Your answer should be every line below that includes the word "inside".

(Stored data entries)
____________
(* Let $K\subset\mathbb{C}^2$ be a bombon such that the (complex) ellipsoid of minimal volume containing $K$ is the closed unit ball $B$ of $\mathbb{C}^2$. Then $K\cap\mathbb{S}^3$ is a linearly closed subset of the abstract linear space $LS^3$.
   Context: A convex body is a compact convex subset of $\mathbb{C}^n$ with nonempty interior. A (complex) ellipsoid is the image of the closed Euclidean unit ball under an invertible complex affine map. A bombon is a convex body $K\subset\mathbb{C}^n$ such that for every complex affine line $L$, $L\cap K$ is empty, a single point, or a closed round disk in $L$. $\mathbb{S}^3=\partial B$ is the unit sphere of $\mathbb{C}^2$. The abstract linear space $LS^3$ has point set $\mathbb{S}^3$ and abstract lines the sets $L\cap\mathbb{S}^3$ where $L$ is a complex affine line of $\mathbb{C}^2$ meeting $\mathbb{S}^3$ in more than one point (i.e. non-tangential; such $L\cap\mathbb{S}^3$ is a round circle); any two distinct points of $\mathbb{S}^3$ lie on exactly one abstract line. A subset $A\subset\mathbb{S}^3$ is linearly closed if for any two distinct $x,y\in A$ the abstract line through $x$ and $y$ is contained in $A$. *)

theory Defs
  imports "HOL-Analysis.Analysis"
begin

text \<open>We model \<open>\<complex>\<^sup>2\<close> as \<open>complex \<times> complex\<close>, whose norm is the Euclidean (Hermitian) norm
  \<open>sqrt (|z|^2 + |w|^2)\<close>; volume is Lebesgue measure on the underlying \<open>\<real>\<^sup>4\<close>.\<close>

type_synonym c2 = "complex \<times> complex"

definition cscale :: "complex \<Rightarrow> c2 \<Rightarrow> c2" where
  "cscale t v = (t * fst v, t * snd v)"

definition complex_line :: "c2 set \<Rightarrow> bool" where
  "complex_line L \<longleftrightarrow> (\<exists>p v. v \<noteq> 0 \<and> L = {p + cscale t v | t. True})"

definition line_through :: "c2 \<Rightarrow> c2 \<Rightarrow> c2 set" where
  "line_through x y = {x + cscale t (y - x) | t. True}"

definition convex_body :: "c2 set \<Rightarrow> bool" where
  "convex_body K \<longleftrightarrow> compact K \<and> convex K \<and> interior K \<noteq> {}"

definition complex_ellipsoid :: "c2 set \<Rightarrow> bool" where
  "complex_ellipsoid E \<longleftrightarrow>
     (\<exists>a b c d e f :: complex. a * d - b * c \<noteq> 0 \<and>
        E = (\<lambda>(z, w). (a * z + b * w + e, c * z + d * w + f)) ` cball 0 1)"

definition bombon :: "c2 set \<Rightarrow> bool" where
  "bombon K \<longleftrightarrow> convex_body K \<and>
     (\<forall>L. complex_line L \<longrightarrow>
        L \<inter> K = {} \<or> (\<exists>p. L \<inter> K = {p}) \<or>
        (\<exists>c\<in>L. \<exists>r>0. L \<inter> K = L \<inter> cball c r))"

definition min_vol_ellipsoid :: "c2 set \<Rightarrow> c2 set \<Rightarrow> bool" where
  "min_vol_ellipsoid K E \<longleftrightarrow> complex_ellipsoid E \<and> K \<subseteq> E \<and>
     (\<forall>E'. complex_ellipsoid E' \<and> K \<subseteq> E' \<longrightarrow> measure lborel E \<le> measure lborel E')"

definition linearly_closed :: "c2 set \<Rightarrow> bool" where
  "linearly_closed A \<longleftrightarrow> A \<subseteq> sphere 0 1 \<and>
     (\<forall>x\<in>A. \<forall>y\<in>A. x \<noteq> y \<longrightarrow> line_through x y \<inter> sphere 0 1 \<subseteq> A)"

end

theory Submission
  imports Defs
begin

text \<open>Since the unit ball is an ellipsoid containing \<open>K\<close>, we have \<open>K \<subseteq> B\<close>. Take distinct
  \<open>x, y \<in> K \<inter> \<SS>\<^sup>3\<close> and let \<open>L\<close> be the complex line through them. Then \<open>L \<inter> B\<close> is a disk
  centred at the foot of the perpendicular from \<open>0\<close> to \<open>L\<close>, bounded by the circle \<open>L \<inter> \<SS>\<^sup>3\<close>,
  and since \<open>K\<close> is a bombon, \<open>L \<inter> K\<close> is a disk inside it. A disk inside a disk that touches
  the boundary circle at two distinct points contains that circle: otherwise the centres differ,
  and the triangle inequality through the inner centre forces every touching point to be the
  single point of the inner disk farthest from the outer centre. Hence \<open>L \<inter> \<SS>\<^sup>3 \<subseteq> K\<close>.\<close>

lemma internally_tangent_point_unique:
  fixes s c p q :: "'a::real_inner"
  assumes "affine S" "s \<in> S" "c \<in> S" "s \<noteq> c"
    and inside: "S \<inter> cball s \<rho> \<subseteq> cball c R"
    and p: "p \<in> cball s \<rho>" "p \<in> sphere c R"
    and q: "q \<in> cball s \<rho>" "q \<in> sphere c R"
  shows "p = q"
proof -
  define d where "d = norm (s - c)"
  have "d > 0" using \<open>s \<noteq> c\<close> by (simp add: d_def)
  have "\<rho> \<ge> 0" using p(1) by (meson mem_cball order_trans zero_le_dist)
  define u where "u = s + (\<rho> / d) *\<^sub>R (s - c)"
  have "(1 + \<rho> / d) *\<^sub>R s + (- (\<rho> / d)) *\<^sub>R c \<in> S"
    by (rule mem_affine[OF \<open>affine S\<close> \<open>s \<in> S\<close> \<open>c \<in> S\<close>]) simp
  then have "u \<in> S" by (simp add: u_def algebra_simps)
  moreover have "dist s u = \<rho>"
    using \<open>d > 0\<close> \<open>\<rho> \<ge> 0\<close> by (simp add: u_def dist_norm d_def)
  ultimately have "dist c u \<le> R" using inside by auto
  moreover have "u - c = (1 + \<rho> / d) *\<^sub>R (s - c)" by (simp add: u_def algebra_simps)
  then have "dist c u = (1 + \<rho> / d) * d"
    using \<open>d > 0\<close> \<open>\<rho> \<ge> 0\<close> by (simp add: dist_norm norm_minus_commute[of c u] d_def)
  also have "\<dots> = d + \<rho>" using \<open>d > 0\<close> by (simp add: field_simps)
  ultimately have "d + \<rho> \<le> R" by simp
  \<comment> \<open>A point of the small ball on the big sphere turns the triangle inequality through \<open>s\<close>
      into an equality, which pins it down to \<open>u\<close>.\<close>
  have "w = u" if "w \<in> cball s \<rho>" "w \<in> sphere c R" for w
  proof -
    have "norm (w - c) \<le> norm (w - s) + d"
      using norm_triangle_ineq[of "w - s" "s - c"] by (simp add: d_def)
    then have ws: "norm (w - s) = \<rho>" and eq: "norm ((w - s) + (s - c)) = norm (w - s) + norm (s - c)"
      using that \<open>d + \<rho> \<le> R\<close> by (auto simp: dist_norm norm_minus_commute d_def)
    have "d *\<^sub>R (w - s) = \<rho> *\<^sub>R (s - c)"
      using eq[unfolded norm_triangle_eq] ws by (simp add: d_def)
    then have "(1 / d) *\<^sub>R (d *\<^sub>R (w - s)) = (\<rho> / d) *\<^sub>R (s - c)" by simp
    then have "w - s = (\<rho> / d) *\<^sub>R (s - c)" using \<open>d > 0\<close> by simp
    then show ?thesis by (simp add: u_def diff_eq_eq add.commute)
  qed
  from this[OF p] this[OF q] show ?thesis by simp
qed

lemma sphere_subset_cball_if_two_tangent_points:
  fixes s c a b :: "'a::real_inner"
  assumes "affine S" "s \<in> S" "c \<in> S"
    and inside: "S \<inter> cball s \<rho> \<subseteq> cball c R"
    and a: "a \<in> cball s \<rho>" "a \<in> sphere c R"
    and b: "b \<in> cball s \<rho>" "b \<in> sphere c R"
    and "a \<noteq> b"
  shows "sphere c R \<subseteq> cball s \<rho>"
proof (cases "s = c")
  case True
  then have "R \<le> \<rho>" using a by simp
  then show ?thesis using True by auto
next
  case False
  then show ?thesis
    using internally_tangent_point_unique[OF assms(1-3) False inside a b] \<open>a \<noteq> b\<close> by blast
qed

definition cinner :: "c2 \<Rightarrow> c2 \<Rightarrow> complex" where
  "cinner v w = cnj (fst v) * fst w + cnj (snd v) * snd w"

lemma cscale_add_left: "cscale (a + b) v = cscale a v + cscale b v"
  by (simp add: cscale_def algebra_simps)

lemma cscale_zero_left [simp]: "cscale 0 v = 0"
  by (simp add: cscale_def zero_prod_def)

lemma cscale_one [simp]: "cscale 1 v = v"
  by (simp add: cscale_def)

lemma scaleR_cscale: "r *\<^sub>R cscale t v = cscale (of_real r * t) v"
  by (simp add: cscale_def scaleR_conv_of_real)

lemma cinner_add_cscale_right: "cinner v (w + cscale t u) = cinner v w + t * cinner v u"
  by (simp add: cinner_def cscale_def algebra_simps)

lemma cinner_self: "cinner v v = of_real ((norm v)\<^sup>2)"
  by (cases v)
    (simp add: cinner_def norm_Pair mult.commute[of "cnj _"] complex_norm_square[symmetric]
      del: of_real_power)

lemma inner_cscale_right: "w \<bullet> cscale t v = Re (t * cnj (cinner v w))"
  by (cases v, cases w) (simp add: cinner_def cscale_def inner_Pair inner_complex_def algebra_simps)

lemma affine_complex_line:
  assumes "complex_line L"
  shows "affine L"
proof -
  obtain p v where L: "L = {p + cscale t v | t. True}"
    using assms unfolding complex_line_def by blast
  have "a *\<^sub>R (p + cscale s v) + b *\<^sub>R (p + cscale t v) \<in> L" if "a + b = 1" for a b s t
  proof -
    have "a *\<^sub>R (p + cscale s v) + b *\<^sub>R (p + cscale t v)
        = (a + b) *\<^sub>R p + cscale (of_real a * s + of_real b * t) v"
      by (simp add: scaleR_add_right scaleR_add_left scaleR_cscale cscale_add_left)
    then show ?thesis using that L by auto
  qed
  then show ?thesis unfolding affine_def L by blast
qed

lemma complex_line_line_through: "x \<noteq> y \<Longrightarrow> complex_line (line_through x y)"
  unfolding complex_line_def line_through_def by (intro exI[of _ x] exI[of _ "y - x"]) simp

lemma endpoints_in_line_through: "x \<in> line_through x y" "y \<in> line_through x y"
  unfolding line_through_def by (metis (mono_tags) mem_Collect_eq add_0_right cscale_zero_left,
      metis (mono_tags) mem_Collect_eq cscale_one add.commute diff_add_cancel)

lemma norm_add_cscale_power2:
  "cinner v m = 0 \<Longrightarrow> (norm (m + cscale t v))\<^sup>2 = (norm m)\<^sup>2 + (norm (cscale t v))\<^sup>2"
  by (simp add: norm_add_Pythagorean orthogonal_def inner_cscale_right)

lemma complex_line_foot:
  assumes "complex_line L"
  obtains m where "m \<in> L" "\<And>w. w \<in> L \<Longrightarrow> (norm w)\<^sup>2 = (norm m)\<^sup>2 + (norm (w - m))\<^sup>2"
proof -
  obtain p v where "v \<noteq> 0" and L: "L = {p + cscale t v | t. True}"
    using assms unfolding complex_line_def by blast
  define h where "h = cinner v p / cinner v v"
  have "cinner v v \<noteq> 0" using \<open>v \<noteq> 0\<close> by (simp add: cinner_self)
  define m where "m = p + cscale (- h) v"
  have orth: "cinner v m = 0"
    using \<open>cinner v v \<noteq> 0\<close> by (simp add: m_def h_def cinner_add_cscale_right)
  have "m \<in> L" by (auto simp: L m_def)
  moreover have "(norm w)\<^sup>2 = (norm m)\<^sup>2 + (norm (w - m))\<^sup>2" if "w \<in> L" for w
  proof -
    obtain t where "w = p + cscale t v" using \<open>w \<in> L\<close> L by blast
    then have "w = m + cscale (t + h) v" by (simp add: m_def cscale_def algebra_simps)
    then show ?thesis using norm_add_cscale_power2[OF orth] by simp
  qed
  ultimately show thesis using that by blast
qed

lemma complex_line_inter_unit_ball:
  assumes "complex_line L"
  obtains m R where "m \<in> L" "L \<inter> cball 0 1 = L \<inter> cball m R" "L \<inter> sphere 0 1 = L \<inter> sphere m R"
proof -
  obtain m where "m \<in> L" and pyth: "\<And>w. w \<in> L \<Longrightarrow> (norm w)\<^sup>2 = (norm m)\<^sup>2 + (norm (w - m))\<^sup>2"
    using complex_line_foot[OF assms] by blast
  define R where "R = sqrt (1 - (norm m)\<^sup>2)"
  have ball: "norm w \<le> 1 \<longleftrightarrow> dist m w \<le> R" and sphere: "norm w = 1 \<longleftrightarrow> dist m w = R"
    if "w \<in> L" for w
  proof -
    have "norm w \<le> 1 \<longleftrightarrow> (norm w)\<^sup>2 \<le> 1" by (simp add: power_le_one_iff)
    also have "\<dots> \<longleftrightarrow> (norm (w - m))\<^sup>2 \<le> 1 - (norm m)\<^sup>2" using pyth[OF that] by linarith
    also have "\<dots> \<longleftrightarrow> dist m w \<le> R"
      by (simp add: R_def dist_norm norm_minus_commute) (metis norm_ge_zero real_sqrt_unique real_sqrt_le_iff)
    finally show "norm w \<le> 1 \<longleftrightarrow> dist m w \<le> R" .
    have "norm w = 1 \<longleftrightarrow> (norm w)\<^sup>2 = 1" by (smt (verit) norm_ge_zero power2_eq_1_iff)
    also have "\<dots> \<longleftrightarrow> (norm (w - m))\<^sup>2 = 1 - (norm m)\<^sup>2" using pyth[OF that] by linarith
    also have "\<dots> \<longleftrightarrow> dist m w = R"
      by (simp add: R_def dist_norm norm_minus_commute) (metis norm_ge_zero real_sqrt_unique real_sqrt_eq_iff)
    finally show "norm w = 1 \<longleftrightarrow> dist m w = R" .
  qed
  have "L \<inter> cball 0 1 = L \<inter> cball m R" "L \<inter> sphere 0 1 = L \<inter> sphere m R"
    using ball sphere by auto
  then show thesis using that[OF \<open>m \<in> L\<close>] by blast
qed

lemma bombon_inter_line_cball:
  assumes "bombon K" "complex_line L" "x \<in> L \<inter> K" "y \<in> L \<inter> K" "x \<noteq> y"
  obtains c r where "c \<in> L" "r > 0" "L \<inter> K = L \<inter> cball c r"
proof -
  have "L \<inter> K = {} \<or> (\<exists>q. L \<inter> K = {q}) \<or> (\<exists>c\<in>L. \<exists>r>0. L \<inter> K = L \<inter> cball c r)"
    using assms(1,2) unfolding bombon_def by blast
  moreover have "\<not> (L \<inter> K = {} \<or> (\<exists>q. L \<inter> K = {q}))"
    using assms(3-5) by (metis empty_iff singletonD)
  ultimately show thesis using that by blast
qed

theorem lemma3p2:
  fixes K :: "(complex \<times> complex) set"
  assumes "bombon K"
    and "min_vol_ellipsoid K (cball 0 1)"
  shows "linearly_closed (K \<inter> sphere 0 1)"
  unfolding linearly_closed_def
proof (intro conjI ballI impI subsetI)
  fix z assume "z \<in> K \<inter> sphere 0 1"
  then show "z \<in> sphere 0 1" by simp
next
  fix x y p
  assume x: "x \<in> K \<inter> sphere 0 1" and y: "y \<in> K \<inter> sphere 0 1" and "x \<noteq> y"
    and p: "p \<in> line_through x y \<inter> sphere 0 1"
  define L where "L = line_through x y"
  have "complex_line L" "x \<in> L" "y \<in> L"
    unfolding L_def using \<open>x \<noteq> y\<close> by (simp_all add: complex_line_line_through endpoints_in_line_through)
  have "K \<subseteq> cball 0 1" using assms(2) by (simp add: min_vol_ellipsoid_def)
  obtain c r where "c \<in> L" "r > 0" and LK: "L \<inter> K = L \<inter> cball c r"
    by (rule bombon_inter_line_cball[OF assms(1) \<open>complex_line L\<close>, of x y])
      (use x y \<open>x \<in> L\<close> \<open>y \<in> L\<close> \<open>x \<noteq> y\<close> in auto)
  obtain m R where "m \<in> L" and LB: "L \<inter> cball 0 1 = L \<inter> cball m R"
    and LS: "L \<inter> sphere 0 1 = L \<inter> sphere m R"
    by (rule complex_line_inter_unit_ball[OF \<open>complex_line L\<close>])
  have "L \<inter> cball c r \<subseteq> L \<inter> cball 0 1" using LK \<open>K \<subseteq> cball 0 1\<close> by auto
  then have inside: "L \<inter> cball c r \<subseteq> cball m R" using LB by auto
  have "x \<in> cball c r" "y \<in> cball c r" using LK x y \<open>x \<in> L\<close> \<open>y \<in> L\<close> by auto
  moreover have "x \<in> sphere m R" "y \<in> sphere m R" using LS x y \<open>x \<in> L\<close> \<open>y \<in> L\<close> by auto
  ultimately have "sphere m R \<subseteq> cball c r"
    by (intro sphere_subset_cball_if_two_tangent_points[OF affine_complex_line[OF \<open>complex_line L\<close>]
          \<open>c \<in> L\<close> \<open>m \<in> L\<close> inside _ _ _ _ \<open>x \<noteq> y\<close>])
  moreover have "p \<in> L" "p \<in> sphere 0 1" using p by (simp_all add: L_def)
  ultimately show "p \<in> K \<inter> sphere 0 1" using LK LS by blast
qed

end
____________
> _Output of the task_
  and since \<open>K\<close> is a bombon, \<open>L \<inter> K\<close> is a disk inside it. A disk inside a disk that touches
    and inside: "S \<inter> cball s \<rho> \<subseteq> cball c R"
  ultimately have "dist c u \<le> R" using inside by auto
    and inside: "S \<inter> cball s \<rho> \<subseteq> cball c R"
    using internally_tangent_point_unique[OF assms(1-3) False inside a b] \<open>a \<noteq> b\<close> by blast
  then have inside: "L \<inter> cball c r \<subseteq> cball m R" using LB by auto
          \<open>c \<in> L\<close> \<open>m \<in> L\<close> inside _ _ _ _ \<open>x \<noteq> y\<close>])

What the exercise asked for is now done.